── Records supplied

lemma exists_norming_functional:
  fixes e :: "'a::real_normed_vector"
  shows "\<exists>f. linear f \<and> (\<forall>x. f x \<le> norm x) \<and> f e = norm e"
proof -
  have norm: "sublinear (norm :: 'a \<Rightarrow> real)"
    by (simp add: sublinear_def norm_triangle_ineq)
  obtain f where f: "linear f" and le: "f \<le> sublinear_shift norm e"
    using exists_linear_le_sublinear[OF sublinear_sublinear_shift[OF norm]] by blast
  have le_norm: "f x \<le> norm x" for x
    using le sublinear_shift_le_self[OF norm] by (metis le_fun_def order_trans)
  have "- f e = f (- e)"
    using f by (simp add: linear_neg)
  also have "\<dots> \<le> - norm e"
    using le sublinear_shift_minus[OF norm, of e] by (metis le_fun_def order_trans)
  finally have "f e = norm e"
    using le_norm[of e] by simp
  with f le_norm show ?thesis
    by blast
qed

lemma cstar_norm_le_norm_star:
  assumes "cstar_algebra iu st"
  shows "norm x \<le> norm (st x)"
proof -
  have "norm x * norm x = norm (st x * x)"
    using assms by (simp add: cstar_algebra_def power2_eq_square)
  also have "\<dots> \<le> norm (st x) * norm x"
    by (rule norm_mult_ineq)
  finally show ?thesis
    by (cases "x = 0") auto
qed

────

Task item — Print the line with "using exists_linear_le_sublinear[OF sublinear_sublinear_shift[OF" and every line after it in the entries above, exactly as written. Leave out all other lines.

Worked solution —
    using exists_linear_le_sublinear[OF sublinear_sublinear_shift[OF norm]] by blast
  have le_norm: "f x \<le> norm x" for x
    using le sublinear_shift_le_self[OF norm] by (metis le_fun_def order_trans)
  have "- f e = f (- e)"
    using f by (simp add: linear_neg)
  also have "\<dots> \<le> - norm e"
    using le sublinear_shift_minus[OF norm, of e] by (metis le_fun_def order_trans)
  finally have "f e = norm e"
    using le_norm[of e] by simp
  with f le_norm show ?thesis
    by blast
qed

lemma cstar_norm_le_norm_star:
  assumes "cstar_algebra iu st"
  shows "norm x \<le> norm (st x)"
proof -
  have "norm x * norm x = norm (st x * x)"
    using assms by (simp add: cstar_algebra_def power2_eq_square)
  also have "\<dots> \<le> norm (st x) * norm x"
    by (rule norm_mult_ineq)
  finally show ?thesis
    by (cases "x = 0") auto
qed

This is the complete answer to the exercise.